Se refería a mi esposa. Ya te acostumbrarás a que esté presente siempre, aunque nadie la nombre.
-No -me apresuré a aclarar-. Vengo solo. ¿Y tú?
-Sólo hay lo que ves.
Una tez cobriza, de centro vacacional o quizás de cama solar; una figura delicada ceñida por una blusa sencilla; unas caderas apenas perceptibles detrás de los jeans desgastados. Nada que no hayas visto antes por esos rumbos. Eso es lo que había.
Por qué elegimos el Sanborns y no, digamos, El hijo del Cuervo, es algo que no recuerdo. Quizá por negarnos a nosotros mismos la existencia del impulso snob que nos había hecho coincidir en ese sitio. Lo cierto es que bebimos un par de tragos y vimos un partido de futbol cuyos rivales no consigo rescatar en este momento. Y conversamos. De asuntos triviales. Casi como un par de desconocidos que se encuentran en una estación. O como dos antiguos camaradas a los que el tiempo les ha contado una versión diferente del mundo. Deben haber pasado algunas horas y varios tragos más, porque de pronto nos encontramos casi a solas en la orilla en penumbras de aquel bar.
-En todo este tiempo no has hablado de ella -observó Laura mientras me dedicaba una mirada incisiva, o que pretendía serlo detrás de todo ese alcohol que se le había colgado de los párpados.
Contuve un instante el aliento. Luego, sencillamente lo dejé escapar con un débil silbido de mis labios que ya buscaban el refugio del licor.
-Está en casa -confesé-. Tiene una reunión. Amistades suyas, que no mías. Anécdotas que no me incluyen. Cosas así.
-“Que no mías”-, repitió ella-. Querrás decir: “que no meas”.
-Que no mearías -la seguí.
-¿Qué no me harías? -insistió.
-¡Qué no te haría!
Entonces sus ojos se entornaron.

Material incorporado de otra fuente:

lemma maximal_ideal_comaximal:
  assumes R: "subring R" and m: "maximal_ideal_in R m" and "x \<in> R" "x \<notin> m"
  obtains a r where "a \<in> m" "r \<in> R" "1 = a + x * r"
proof -
  let ?J = "{a + x * r | a r. a \<in> m \<and> r \<in> R}"
  have mi: "ideal_in R m" using m unfolding maximal_ideal_in_def by simp
  have J: "ideal_in R ?J" using ideal_add_multiples[OF R mi \<open>x \<in> R\<close>] .
  have "m \<subseteq> ?J"
  proof
    fix a assume "a \<in> m"
    moreover have "a = a + x * 0" by simp
    ultimately show "a \<in> ?J" using subring_zero[OF R] by blast
  qed
  moreover have "x \<in> ?J"
  proof -
    have "x = 0 + x * 1" by simp
    then show ?thesis using ideal_zero[OF mi] subring_one[OF R] by blast
  qed
  ultimately have "?J = R" using m J \<open>x \<notin> m\<close> unfolding maximal_ideal_in_def by blast
  then have "1 \<in> ?J" using subring_one[OF R] by simp
  with that show ?thesis by blast
qed

lemma maximal_imp_prime_ideal:
  assumes R: "subring R" and m: "maximal_ideal_in R m"
  shows "prime_ideal_in R m"
proof -
  have mi: "ideal_in R m" and "m \<noteq> R" using m unfolding maximal_ideal_in_def by auto
  have "b \<in> m" if "a \<in> R" "b \<in> R" "a * b \<in> m" "a \<notin> m" for a b
  proof -
    obtain c r where "c \<in> m" "r \<in> R" "1 = c + a * r"
      using maximal_ideal_comaximal[OF R m \<open>a \<in> R\<close> \<open>a \<notin> m\<close>] .
    then have "b = b * c + r * (a * b)" by (metis mult.commute distrib_left mult.left_commute mult_1_right)
    moreover have "b * c \<in> m" "r * (a * b) \<in> m"
      using \<open>c \<in> m\<close> \<open>r \<in> R\<close> that ideal_mult[OF mi] by (auto simp: mult.commute)
    ultimately show "b \<in> m" using ideal_add[OF mi] by metis
  qed
  moreover have "1 \<notin> m" using one_in_ideal_iff[OF R mi] \<open>m \<noteq> R\<close> by blast
  ultimately show ?thesis using mi unfolding prime_ideal_in_def by blast
qed

lemma mult_set_prime_compl:
  assumes R: "subring R" and p: "prime_ideal_in R p"
  shows "mult_set R (R - p)"
  using p subring_one[OF R] subring_mult[OF R] unfolding prime_ideal_in_def mult_set_def ideal_in_def
  by blast

lemma local_ring_inverse:
  assumes S: "subring S" and "local_ring S" and M: "maximal_ideal_in S M"
    and "x \<in> S" "x \<notin> M"
  shows "1 / x \<in> S"
proof -
  have "0 \<in> M" using M unfolding maximal_ideal_in_def ideal_in_def by simp
  then have "x \<noteq> 0" using \<open>x \<notin> M\<close> by auto
  let ?J = "{a + x * r | a r. a \<in> {0} \<and> r \<in> S}"
  have zero: "ideal_in S {0}" using subring_zero[OF S] unfolding ideal_in_def by auto
  have J: "ideal_in S ?J" using ideal_add_multiples[OF S zero \<open>x \<in> S\<close>] .
  have "1 \<in> ?J"
  proof (rule ccontr)
    assume "1 \<notin> ?J"
    then obtain M' where "maximal_ideal_in S M'" "?J \<subseteq> M'"
      using exists_maximal_ideal[OF S J] by blast
    moreover have "M' = M" using \<open>local_ring S\<close> M calculation(1) unfolding local_ring_def by blast
    moreover have "x \<in> ?J" using subring_one[OF S] by force
    ultimately show False using \<open>x \<notin> M\<close> by blast
  qed
  then obtain r where "r \<in> S" "1 = x * r" by auto
  then show ?thesis using \<open>x \<noteq> 0\<close> by (metis nonzero_eq_divide_eq mult.commute)
qed
(* Let $\mathcal{X}\subseteq\mathbb{R}^n$ be compact and convex. The following are equivalent: (i) $\mathcal{X}$ is standard comonotone; (ii) for all $v\in\mathbb{R}^n$ and all $i,j\in[n]$ with $v_i=v_j$, there exists $x^*\in\arg\max\{v^\top x: x\in\mathcal{X}\}$ with $x^*_i=x^*_j$; (iii) for all $v\in\mathbb{R}^n$, there exists $x^*\in\arg\max\{v^\top x: x\in\mathcal{X}\}$ such that for all $i,j\in[n]$, $v_i=v_j$ implies $x^*_i=x^*_j$.
   Context: $\Pi_n$ is the set of permutations of $[n]$; for $\pi\in\Pi_n$, $\mathcal{Z}(\pi)=\{x\in\mathbb{R}^n: x_{\pi(1)}\ge\cdots\ge x_{\pi(n)}\}$. A set $\mathcal{X}\subseteq\mathbb{R}^n$ is standard comonotone if for every $\pi\in\Pi_n$ and every $v\in\mathcal{Z}(\pi)$, whenever $\max_{x\in\mathcal{X}}v^\top x$ attains its optimum, it has an optimal solution in $\mathcal{Z}(\pi)$. *)

theory Defs
  imports "HOL-Analysis.Analysis"
begin

text \<open>Vectors in R^n are modelled as real^'n, with coordinate index type 'n (CARD('n) = n).
A permutation pi of [n] is modelled as a bijection from {..<CARD('n)} (positions 1..n
shifted to 0..n-1) onto the index type; Z(pi) is the set of vectors whose coordinates are
non-increasing along pi.\<close>

definition perm_orderings :: "(nat \<Rightarrow> 'n::finite) set" where
  "perm_orderings = {p. bij_betw p {..<CARD('n)} UNIV}"

definition Zcone :: "(nat \<Rightarrow> 'n::finite) \<Rightarrow> (real^'n) set" where
  "Zcone p = {x. \<forall>k l. k \<le> l \<longrightarrow> l < CARD('n) \<longrightarrow> x $ p l \<le> x $ p k}"

definition argmax_set :: "(real^'n::finite) set \<Rightarrow> real^'n \<Rightarrow> (real^'n) set" where
  "argmax_set X v = {x \<in> X. \<forall>y\<in>X. v \<bullet> y \<le> v \<bullet> x}"

definition standard_comonotone :: "(real^'n::finite) set \<Rightarrow> bool" where
  "standard_comonotone X \<longleftrightarrow>
     (\<forall>p\<in>perm_orderings. \<forall>v\<in>Zcone p.
        argmax_set X v \<noteq> {} \<longrightarrow> argmax_set X v \<inter> Zcone p \<noteq> {})"

end

(* Condition (ii) rules out inversions: if v_j < v_i, tilt v along e_i - e_j until the two
   coordinates tie; a maximiser y of the tilted objective with y_i = y_j shows that every
   maximiser x for v has x_j <= x_i. Hence a maximiser respecting all ties of v lies in every cone
   Z(pi) containing v, which gives (iii) => (i).
   (i) => (ii): if v_i = v_j, a sorting pi of v stays a sorting after swapping i and j; the two
   maximisers supplied by (i) order coordinates i and j oppositely, and the argmax set is convex.
   (ii) => (iii): if the argmax set missed the subspace of tie-respecting vectors, a functional a
   orthogonal to that subspace would separate them. Maximisers of v - a/(m+1) order each tie class of v
   reversely to a, a limit of them is a maximiser for v, and on such a vector a is non-positive
   because a sums to zero on every tie class. *)

theory Submission
  imports Defs "HOL-Combinatorics.Transposition"
begin

definition respects_ties :: "real^'n::finite \<Rightarrow> real^'n \<Rightarrow> bool" where
  "respects_ties v x \<longleftrightarrow> (\<forall>i j. v $ i = v $ j \<longrightarrow> x $ i = x $ j)"

definition pairwise_tie_preserving :: "(real^'n::finite) set \<Rightarrow> bool" where
  "pairwise_tie_preserving X \<longleftrightarrow>
     (\<forall>v i j. v $ i = v $ j \<longrightarrow> (\<exists>x\<in>argmax_set X v. x $ i = x $ j))"

definition tie_preserving :: "(real^'n::finite) set \<Rightarrow> bool" where
  "tie_preserving X \<longleftrightarrow> (\<forall>v. \<exists>x\<in>argmax_set X v. respects_ties v x)"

No supe qué hacer ni qué decir; de hecho, el gesto me tomó por sorpresa mientras buscaba entre la niebla de mi mente una nueva aliteración. Ella sonrió, victoriosa, y se limitó a beber un poco más.
Pero ya el juego había empezado.

Salimos de aquel lugar cerca de las once de la noche. Pocos comerciantes se hallaban aún en la plaza. Ahora el alboroto se había ido orillando hacia los bares de la periferia.

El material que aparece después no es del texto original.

lemma prob_Jobj_lt_le:
  assumes sp: "\<And>i. i \<in> {1..C} \<Longrightarrow> set_pmf (p i) \<subseteq> X"
    and Q: "\<And>q i. q \<in> Q \<Longrightarrow> i \<in> {1..C} \<Longrightarrow> 0 \<le> q i"
    and x: "x \<in> X"
    and N: "\<And>i. i \<in> {1..C} \<Longrightarrow> N i > 0"
  shows "measure_pmf.prob (sample_pmf C N p d)
           {\<omega>. Jobj C Q prior (\<lambda>i. pmf (p i) x)
                < Jobj C Q prior (\<lambda>i. Sup ((\<lambda>\<nu>. pmf \<nu> x) `
                      KL_ball X (empirical (N i) (\<omega> i)) (\<epsilon> i)))}
         \<le> (\<Sum>i\<in>{1..C}. real (N i + 1) * exp (- real (N i) * \<epsilon> i))"
    (is "measure (measure_pmf ?M) ?E \<le> _")
proof -
  define deficit where "deficit i s \<longleftrightarrow> pmf (empirical (N i) s) x < pmf (p i) x \<and>
      (pmf (p i) x < 1 \<longrightarrow> \<epsilon> i < kl_bernoulli (pmf (empirical (N i) s) x) (pmf (p i) x))" for i s
  have "?E \<inter> set_pmf ?M \<subseteq> (\<Union>i\<in>{1..C}. {\<omega>. deficit i (\<omega> i)})"
  proof (rule subsetI, rule ccontr)
    fix \<omega> assume \<omega>: "\<omega> \<in> ?E \<inter> set_pmf ?M" "\<omega> \<notin> (\<Union>i\<in>{1..C}. {\<omega>. deficit i (\<omega> i)})"
    have "set_pmf (empirical (N i) (\<omega> i)) \<subseteq> X" if "i \<in> {1..C}" for i
      using that \<omega>(1) sp N sample_pmf_in_support by (fastforce simp: set_pmf_empirical)
    then have "Jobj C Q prior (\<lambda>i. Sup ((\<lambda>\<nu>. pmf \<nu> x) ` KL_ball X (empirical (N i) (\<omega> i)) (\<epsilon> i)))
        \<le> Jobj C Q prior (\<lambda>i. pmf (p i) x)"
      using \<omega>(2) Q x by (intro Jobj_antimono Sup_pmf_KL_ball_ge) (auto simp: deficit_def not_less)
    with \<omega>(1) show False
      by (simp add: not_less[symmetric])
  qed
  then have "measure ?M ?E \<le> measure ?M (\<Union>i\<in>{1..C}. {\<omega>. deficit i (\<omega> i)})"
    by (subst measure_Int_set_pmf[symmetric]) (intro measure_pmf.finite_measure_mono, auto)
  also have "\<dots> \<le> (\<Sum>i\<in>{1..C}. measure ?M {\<omega>. deficit i (\<omega> i)})"
    by (intro measure_pmf.finite_measure_subadditive_finite) auto
  also have "\<dots> \<le> (\<Sum>i\<in>{1..C}. real (N i + 1) * exp (- real (N i) * \<epsilon> i))"
  proof (rule sum_mono)
    fix i assume i: "i \<in> {1..C}"
    have "measure ?M {\<omega>. deficit i (\<omega> i)} = measure (map_pmf (\<lambda>\<omega>. \<omega> i) ?M) {s. deficit i s}"
      by simp
    also have "map_pmf (\<lambda>\<omega>. \<omega> i) ?M = Pi_pmf {..<N i} d (\<lambda>_. p i)"
      using i by (simp add: sample_pmf_def Pi_pmf_component)
    also have "measure \<dots> {s. deficit i s} \<le> real (N i + 1) * exp (- real (N i) * \<epsilon> i)"
      unfolding deficit_def using N[OF i] by (rule empirical_lower_tail_le)
    finally show "measure ?M {\<omega>. deficit i (\<omega> i)} \<le> real (N i + 1) * exp (- real (N i) * \<epsilon> i)" .
  qed
  finally show ?thesis .
qed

Su mano en la mía era como un secreto que alguien acaba de susurrarte al oído. Pero un secreto caro, terrible. Y ella parecía saberlo, porque mientras andábamos de aquí para allá, indecisos, como abandonados, su cuerpo de senos pequeños, casi inexistentes, se empeñaba en darse de frente contra el mío, como una ofrenda, como un soborno que el otro no se toma la molestia de disimular.
-Es temprano -dijo de pronto, tratando de enfocar la carátula diminuta de su reloj pulsera-. Todavía no estoy lo suficientemente borracha. Mírame.
Ensayó una pose de ballet.
-No estás lo suficientemente borracha... ¿para qué?
-Para lo que tú quieras hacerme...
La tomé por el cabello y la atraje hacia mí con violencia. Y la besé, le mordí los labios, le lamí el cuello y el tenue olor de su perfume operó en mi entrepierna, que exhibió, allí, a la vista del mundo, la más grosera de las erecciones.
-Vamos a otro lado -dijo ella, jadeante-. Quiero otra copa.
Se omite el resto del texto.